«Но… вдруг..?»
«Ун, до, тре, кетр. Ну же! Ну же, Дэн! — сознание мутилось. — Убей. Хайра? Ирда? Великие боги! Еще немного, и я сойду с ума. Еще немного, и Ирд умрет. Не тот, которого тащат по Лабиринту, словно жалкого унрита, пропившего последние остатки мозгов. А тот, чья мысль, чья сила еще недавно была… была. О, хайр-Ирд! Вот тебе и покой! Черный склеп подземелья. Тупая морда магрута. Еще пара хор, и все, что тебе останется, Ирд — темная пучина безумия, если… Если ты не уничтожишь это чужое, ненавистное, страшное… Тело? Живую могилу? Дэн, поспеши. Ты достаточно ошибался. Не ошибись хотя бы на сей…»
«Посмотри, он же ждет. Он устал ждать».
В сгущающейся темноте смутно виднелась уродливая морда бездействующего хайра. Могучие лапы намертво приклеились к полу. Из обвислого мохнатого брюха выдавилась и поползла к ногам унрита хиссообразная «паутина». Дэн уже не пытался ни защищаться, ни бежать. Он едва ли не с любопытством наблюдал, как живая «веревка» добралась до него, обвилась вокруг ноги. Вторая оставалась свободной. «Веревка» затянулась. Стало больно. «Еще не поздно перерубить ее», — вяло подумал унрит. Магрут потянул «паутину» на себя.
Дэн сделал шаг, чтобы не упасть.
Потом еще.
И еще.
«Только бы не погас факел, — молил он, — я хочу видеть Унру в лицо».
ГЛАВА ДВАДЦАТАЯ
ДОЛИНА
Свет Таира слепил глаза. Если это и был сон, то самый лучший сон в ее жизни. Огромный шар изливал потоки тепла и света, и даже сумрачные горы Магра, казалось, расцветали всеми цветами радуги. Только седые вершины, маячившие вдали, были по-прежнему холодны и суровы. А многочисленные ручейки, пробивавшие себе дорогу в их каменных телах, походили на слезы.
Ей тоже хотелось заплакать. Она хлюпнула носом и с беспокойством оглянулась на своего странного спутника: заметил? нет? Потом, увидев отсутствующее выражение на его лице, тяжело вздохнула: «Теперь он не заметит и… Унры».
Даже живительный свет не пробудил к жизни его чувств и мыслей.
— Ои (она подхватила унритское словечко, так хорошо выражавшее и боль, и радость, и удивление, и страх).

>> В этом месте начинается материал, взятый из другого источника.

text \<open>A node storing a packets is given by an a x M coefficient matrix G
  (function nat => nat => 'b, only indices r < a, c < M matter);
  its r-th stored packet is the linear combination stored F M G r x.\<close>

definition stored :: "('b, 'm) ring_scheme \<Rightarrow> nat \<Rightarrow> (nat \<Rightarrow> nat \<Rightarrow> 'b) \<Rightarrow> nat \<Rightarrow> (nat \<Rightarrow> 'b) \<Rightarrow> 'b" where
  "stored F M G r x = finsum F (\<lambda>c. G r c \<otimes>\<^bsub>F\<^esub> x c) {..<M}"

definition is_vec :: "('b, 'm) ring_scheme \<Rightarrow> nat \<Rightarrow> (nat \<Rightarrow> 'b) \<Rightarrow> bool" where
  "is_vec F M x \<longleftrightarrow> (\<forall>c<M. x c \<in> carrier F)"

definition is_mat :: "('b, 'm) ring_scheme \<Rightarrow> nat \<Rightarrow> nat \<Rightarrow> (nat \<Rightarrow> nat \<Rightarrow> 'b) \<Rightarrow> bool" where
  "is_mat F a b G \<longleftrightarrow> (\<forall>r<a. \<forall>c<b. G r c \<in> carrier F)"

definition recovers :: "('b, 'm) ring_scheme \<Rightarrow> nat \<Rightarrow> nat \<Rightarrow> (nat \<Rightarrow> nat \<Rightarrow> nat \<Rightarrow> 'b) \<Rightarrow> nat set \<Rightarrow> bool" where
  "recovers F M \<alpha> N K \<longleftrightarrow>
     (\<forall>x y. is_vec F M x \<longrightarrow> is_vec F M y \<longrightarrow>
        (\<forall>i\<in>K. \<forall>r<\<alpha>. stored F M (N i) r x = stored F M (N i) r y) \<longrightarrow>
        (\<forall>c<M. x c = y c))"

text \<open>Coefficients used in one repair:
  hB j s r : helper complete node j sends as its s-th packet (s < beta)
             the combination of its stored packets r < alpha;
  rB s r   : the repairing node sends as its s-th packet (s < beta)
             the combination of its stored packets r < alpha';
  hC t j s, rC t s : the new node's t-th packet (t < alpha) is the
             combination of all received packets.\<close>
record 'b repair_coeffs =
  hB :: "nat \<Rightarrow> nat \<Rightarrow> nat \<Rightarrow> 'b"
  rB :: "nat \<Rightarrow> nat \<Rightarrow> 'b"
  hC :: "nat \<Rightarrow> nat \<Rightarrow> nat \<Rightarrow> 'b"
  rC :: "nat \<Rightarrow> nat \<Rightarrow> 'b"

definition coeffs_ok :: "('b, 'm) ring_scheme \<Rightarrow> nat \<Rightarrow> nat \<Rightarrow> nat \<Rightarrow> nat set \<Rightarrow> 'b repair_coeffs \<Rightarrow> bool" where
  "coeffs_ok F \<alpha> \<alpha>' \<beta> D co \<longleftrightarrow>
     (\<forall>j\<in>D. \<forall>s<\<beta>. \<forall>r<\<alpha>. hB co j s r \<in> carrier F) \<and>
     (\<forall>s<\<beta>. \<forall>r<\<alpha>'. rB co s r \<in> carrier F) \<and>
     (\<forall>t<\<alpha>. \<forall>j\<in>D. \<forall>s<\<beta>. hC co t j s \<in> carrier F) \<and>
     (\<forall>t<\<alpha>. \<forall>s<\<beta>. rC co t s \<in> carrier F)"

text \<open>Coefficient matrix (w.r.t. the file) of the newly created node, when the
  helpers D (complete nodes with matrices N j) and the repairing node (matrix R)
  send beta packets each, combined according to co.\<close>
definition repair_node :: "('b, 'm) ring_scheme \<Rightarrow> nat \<Rightarrow> nat \<Rightarrow> nat \<Rightarrow>
    (nat \<Rightarrow> nat \<Rightarrow> nat \<Rightarrow> 'b) \<Rightarrow> (nat \<Rightarrow> nat \<Rightarrow> 'b) \<Rightarrow> nat set \<Rightarrow> 'b repair_coeffs \<Rightarrow> (nat \<Rightarrow> nat \<Rightarrow> 'b)" where
  "repair_node F \<alpha> \<alpha>' \<beta> N R D co = (\<lambda>t c.
     finsum F (\<lambda>j. finsum F (\<lambda>s. hC co t j s \<otimes>\<^bsub>F\<^esub>
                 finsum F (\<lambda>r. hB co j s r \<otimes>\<^bsub>F\<^esub> N j r c) {..<\<alpha>}) {..<\<beta>}) D
     \<oplus>\<^bsub>F\<^esub>
     finsum F (\<lambda>s. rC co t s \<otimes>\<^bsub>F\<^esub>
                 finsum F (\<lambda>r. rB co s r \<otimes>\<^bsub>F\<^esub> R r c) {..<\<alpha>'}) {..<\<beta>})"

text \<open>A failure/repair event (i, D): complete node i fails and the set D of
  surviving complete nodes are the helpers.\<close>
type_synonym event = "nat \<times> nat set"

definition valid_event :: "nat \<Rightarrow> nat \<Rightarrow> event \<Rightarrow> bool" where
  "valid_event n d e \<longleftrightarrow> fst e < n \<and> snd e \<subseteq> {..<n} - {fst e} \<and> card (snd e) = d"

text \<open>State of the complete nodes after a sequence of events (oldest first).
  The repair strategy sigma may depend on the whole history of past events.\<close>
primrec run_rev :: "('b, 'm) ring_scheme \<Rightarrow> nat \<Rightarrow> nat \<Rightarrow> nat \<Rightarrow>
    (nat \<Rightarrow> nat \<Rightarrow> nat \<Rightarrow> 'b) \<Rightarrow> (nat \<Rightarrow> nat \<Rightarrow> 'b) \<Rightarrow>
    (event list \<Rightarrow> event \<Rightarrow> 'b repair_coeffs) \<Rightarrow> event list \<Rightarrow> (nat \<Rightarrow> nat \<Rightarrow> nat \<Rightarrow> 'b)" where
  "run_rev F \<alpha> \<alpha>' \<beta> N0 R \<sigma> [] = N0"
| "run_rev F \<alpha> \<alpha>' \<beta> N0 R \<sigma> (e # es) =
     (let N = run_rev F \<alpha> \<alpha>' \<beta> N0 R \<sigma> es
      in N(fst e := repair_node F \<alpha> \<alpha>' \<beta> N R (snd e) (\<sigma> (rev es) e)))"

definition run :: "('b, 'm) ring_scheme \<Rightarrow> nat \<Rightarrow> nat \<Rightarrow> nat \<Rightarrow>
    (nat \<Rightarrow> nat \<Rightarrow> nat \<Rightarrow> 'b) \<Rightarrow> (nat \<Rightarrow> nat \<Rightarrow> 'b) \<Rightarrow>
    (event list \<Rightarrow> event \<Rightarrow> 'b repair_coeffs) \<Rightarrow> event list \<Rightarrow> (nat \<Rightarrow> nat \<Rightarrow> nat \<Rightarrow> 'b)" where
  "run F \<alpha> \<alpha>' \<beta> N0 R \<sigma> es = run_rev F \<alpha> \<alpha>' \<beta> N0 R \<sigma> (rev es)"

end

theory Submission
  imports Defs "HOL-Algebra.Polynomial_Divisibility"
begin

text \<open>The code is a product-matrix code.
  With \<psi>_i = (1, p_i, ..., p_i^d) for distinct field elements p_i, complete node i stores the rows
  \<psi>_i^T X_s, and the repairing node stores the last columns of the X_s.

  To replace node f, helper j sends \<psi>_j^T X_s \<psi>_f and the repairing node sends the last entry of
  X_s \<psi>_f. These are d values and the top coefficient of the polynomial of degree d with
  coefficient vector X_s \<psi>_f = (\<psi>_f^T X_s)^T, so Lagrange interpolation recovers exactly the
  content of the failed node. Hence repairs never change the stored data, and it suffices that any
  k nodes recover the file from the initial code: the columns b \<ge> k of X_s are polynomials of
  degree below k, known at k points, and by symmetry the remaining columns then are as well.\<close>

lemma (in abelian_monoid) finsum_swap:
  assumes "finite A" "finite B" "\<And>a b. a \<in> A \<Longrightarrow> b \<in> B \<Longrightarrow> f a b \<in> carrier G"
  shows "(\<Oplus>a\<in>A. \<Oplus>b\<in>B. f a b) = (\<Oplus>b\<in>B. \<Oplus>a\<in>A. f a b)"
  using assms(1,3)
proof (induction A rule: finite_induct)
  case empty thus ?case by (simp add: finsum_zero[symmetric] del: finsum_zero)
next
  case (insert x F)
  have "(\<Oplus>a\<in>insert x F. \<Oplus>b\<in>B. f a b) = (\<Oplus>b\<in>B. f x b) \<oplus> (\<Oplus>b\<in>B. \<Oplus>a\<in>F. f a b)"
    using insert assms(2) by (subst finsum_insert) (auto intro!: finsum_closed)
  also have "\<dots> = (\<Oplus>b\<in>B. f x b \<oplus> (\<Oplus>a\<in>F. f a b))"
    using insert assms(2) by (subst finsum_addf) (auto intro!: finsum_closed)
  also have "\<dots> = (\<Oplus>b\<in>B. \<Oplus>a\<in>insert x F. f a b)"
    using insert assms(2) by (intro finsum_cong') (auto intro!: finsum_closed)
  finally show ?case .
qed

context cring begin

definition eval_coeffs :: "(nat \<Rightarrow> 'a) \<Rightarrow> nat \<Rightarrow> 'a \<Rightarrow> 'a" where
  "eval_coeffs g N x = (\<Oplus>a\<in>{..<N}. g a \<otimes> x [^] a)"

lemma eval_coeffs_closed:
  "(\<And>a. a < N \<Longrightarrow> g a \<in> carrier R) \<Longrightarrow> x \<in> carrier R \<Longrightarrow> eval_coeffs g N x \<in> carrier R"
  unfolding eval_coeffs_def by (intro finsum_closed) auto

lemma eval_coeffs_Suc:
  "(\<And>a. a \<le> N \<Longrightarrow> g a \<in> carrier R) \<Longrightarrow> x \<in> carrier R \<Longrightarrow>
   eval_coeffs g (Suc N) x = g N \<otimes> x [^] N \<oplus> eval_coeffs g N x"
  unfolding eval_coeffs_def lessThan_Suc by (subst finsum_insert) auto

lemma eval_coeffs_cong:
  "(\<And>a. a < N \<Longrightarrow> g a = h a) \<Longrightarrow> (\<And>a. a < N \<Longrightarrow> h a \<in> carrier R) \<Longrightarrow> x \<in> carrier R \<Longrightarrow>
   eval_coeffs g N x = eval_coeffs h N x"
  unfolding eval_coeffs_def by (intro finsum_cong') auto

lemma eval_coeffs_diff:
  assumes "\<And>a. g a \<in> carrier R" "\<And>a. h a \<in> carrier R" "x \<in> carrier R"
  shows "eval_coeffs (\<lambda>a. g a \<ominus> h a) N x = eval_coeffs g N x \<ominus> eval_coeffs h N x"
proof (induction N)
  case 0 thus ?case by (simp add: eval_coeffs_def a_minus_def)
next
  case (Suc N)
  have closed: "eval_coeffs g N x \<in> carrier R" "eval_coeffs h N x \<in> carrier R"
    "x [^] N \<in> carrier R" "g N \<in> carrier R" "h N \<in> carrier R"
    using assms by (auto intro: eval_coeffs_closed)
  have "eval_coeffs (\<lambda>a. g a \<ominus> h a) (Suc N) x
      = (g N \<ominus> h N) \<otimes> x [^] N \<oplus> (eval_coeffs g N x \<ominus> eval_coeffs h N x)"
    using assms Suc by (simp add: eval_coeffs_Suc)
  also have "\<dots> = (g N \<otimes> x [^] N \<oplus> eval_coeffs g N x) \<ominus> (h N \<otimes> x [^] N \<oplus> eval_coeffs h N x)"
    using closed by algebra
  finally show ?case using assms by (simp add: eval_coeffs_Suc)
qed

lemma eval_coeffs_mult_const:
  "(\<And>a. g a \<in> carrier R) \<Longrightarrow> c \<in> carrier R \<Longrightarrow> x \<in> carrier R \<Longrightarrow>
   eval_coeffs (\<lambda>a. g a \<otimes> c) N x = eval_coeffs g N x \<otimes> c"
  unfolding eval_coeffs_def by (subst finsum_ldistr) (auto intro!: finsum_cong' simp: m_ac)

lemma finsum_eval_coeffs_Suc:
  assumes "finite D" and w: "\<And>j. j \<in> D \<Longrightarrow> w j \<in> carrier R" and x: "\<And>j. j \<in> D \<Longrightarrow> x j \<in> carrier R"
    and g: "\<And>a. g a \<in> carrier R"
  shows "(\<Oplus>j\<in>D. w j \<otimes> eval_coeffs g (Suc N) (x j))
       = (\<Oplus>j\<in>D. w j \<otimes> x j [^] N) \<otimes> g N \<oplus> (\<Oplus>j\<in>D. w j \<otimes> eval_coeffs g N (x j))"
proof -
  have "w j \<otimes> eval_coeffs g (Suc N) (x j) = (w j \<otimes> x j [^] N) \<otimes> g N \<oplus> w j \<otimes> eval_coeffs g N (x j)"
    if "j \<in> D" for j
  proof -
    have closed: "eval_coeffs g N (x j) \<in> carrier R" "x j [^] N \<in> carrier R" "g N \<in> carrier R"
      "w j \<in> carrier R"
      using g w x that by (auto intro: eval_coeffs_closed)
    have "w j \<otimes> eval_coeffs g (Suc N) (x j) = w j \<otimes> (g N \<otimes> x j [^] N \<oplus> eval_coeffs g N (x j))"
      using g x[OF that] by (simp add: eval_coeffs_Suc)
    also have "\<dots> = (w j \<otimes> x j [^] N) \<otimes> g N \<oplus> w j \<otimes> eval_coeffs g N (x j)"
      using closed by algebra
    finally show ?thesis .
  qed
  moreover have ev: "\<And>j. j \<in> D \<Longrightarrow> eval_coeffs g N (x j) \<in> carrier R"
    using g x by (intro eval_coeffs_closed) auto
  ultimately have "(\<Oplus>j\<in>D. w j \<otimes> eval_coeffs g (Suc N) (x j))
      = (\<Oplus>j\<in>D. (w j \<otimes> x j [^] N) \<otimes> g N \<oplus> w j \<otimes> eval_coeffs g N (x j))"
    using w x g by (intro finsum_cong') auto
  also have "\<dots> = (\<Oplus>j\<in>D. (w j \<otimes> x j [^] N) \<otimes> g N) \<oplus> (\<Oplus>j\<in>D. w j \<otimes> eval_coeffs g N (x j))"
    using w x g ev by (intro finsum_addf) auto
  also have "(\<Oplus>j\<in>D. (w j \<otimes> x j [^] N) \<otimes> g N) = (\<Oplus>j\<in>D. w j \<otimes> x j [^] N) \<otimes> g N"
    using w x g \<open>finite D\<close> by (intro finsum_ldistr[symmetric]) auto
  finally show ?thesis .
qed

lemma eval_coeffs_finsum:
  assumes "finite D" and L: "\<And>j a. j \<in> D \<Longrightarrow> L j a \<in> carrier R" and y: "\<And>j. j \<in> D \<Longrightarrow> y j \<in> carrier R"
    and "x \<in> carrier R"
  shows "eval_coeffs (\<lambda>a. \<Oplus>j\<in>D. L j a \<otimes> y j) N x = (\<Oplus>j\<in>D. eval_coeffs (L j) N x \<otimes> y j)"
proof -
  have "(\<Oplus>j\<in>D. L j a \<otimes> y j) \<otimes> x [^] a = (\<Oplus>j\<in>D. (L j a \<otimes> x [^] a) \<otimes> y j)" for a
    using assms by (subst finsum_ldistr) (auto intro!: finsum_cong' simp: m_ac)
  hence "eval_coeffs (\<lambda>a. \<Oplus>j\<in>D. L j a \<otimes> y j) N x = (\<Oplus>a\<in>{..<N}. \<Oplus>j\<in>D. (L j a \<otimes> x [^] a) \<otimes> y j)"
    unfolding eval_coeffs_def using assms by (intro finsum_cong') (auto intro!: finsum_closed)
  also have "\<dots> = (\<Oplus>j\<in>D. \<Oplus>a\<in>{..<N}. (L j a \<otimes> x [^] a) \<otimes> y j)"
    using assms by (intro finsum_swap) auto
  also have "\<dots> = (\<Oplus>j\<in>D. eval_coeffs (L j) N x \<otimes> y j)"
    unfolding eval_coeffs_def using assms by (intro finsum_cong') (auto intro!: finsum_closed simp: finsum_ldistr)
  finally show ?thesis .
qed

— Ои! — повторила девушка и, взяв «капюшона» за руку, поспешила отойти от мрачного входа в Пещеры. Ирд был послушен и тих. «Если это, конечно, Ирд». Неподвижное лицо походило на маску. Впрочем, будь Мирилла чуть повнимательнее, она бы заметила, что глаза Ирда, вовсе не так неподвижны, как ей кажется. Его расширенные зрачки нет-нет да и переползали из стороны в сторону. Тревожно.
Магрут боялся света.
А света было много.
Перед путниками расстилалась цветущая долина, и пышные кроны деревьев указывали на то, что места эти не обделены ни влагой, ни теплом. Выбравшись из Лабиринта, Ирд и Мирилла оказались на плоском уступе скалы, который возвышался над долиной на несколько десятков минов. Справа уступ полого спускался вниз. Спереди и слева резко обрывался в пустоту. Сверху хорошо была видна голубая лента реки, которая хиссой проползала среди буйствующей растительности и терялась в ней далеко на западе. Там долина постепенно сужалась, и огромные горы, покрытые белыми шапками снега, пополняли ее воды многочисленными речками и речушками. Мирилла вздохнула. Свежий воздух приятно омывал уставшие легкие, вызывая головокружение. Она присела на корточки, чтобы не упасть.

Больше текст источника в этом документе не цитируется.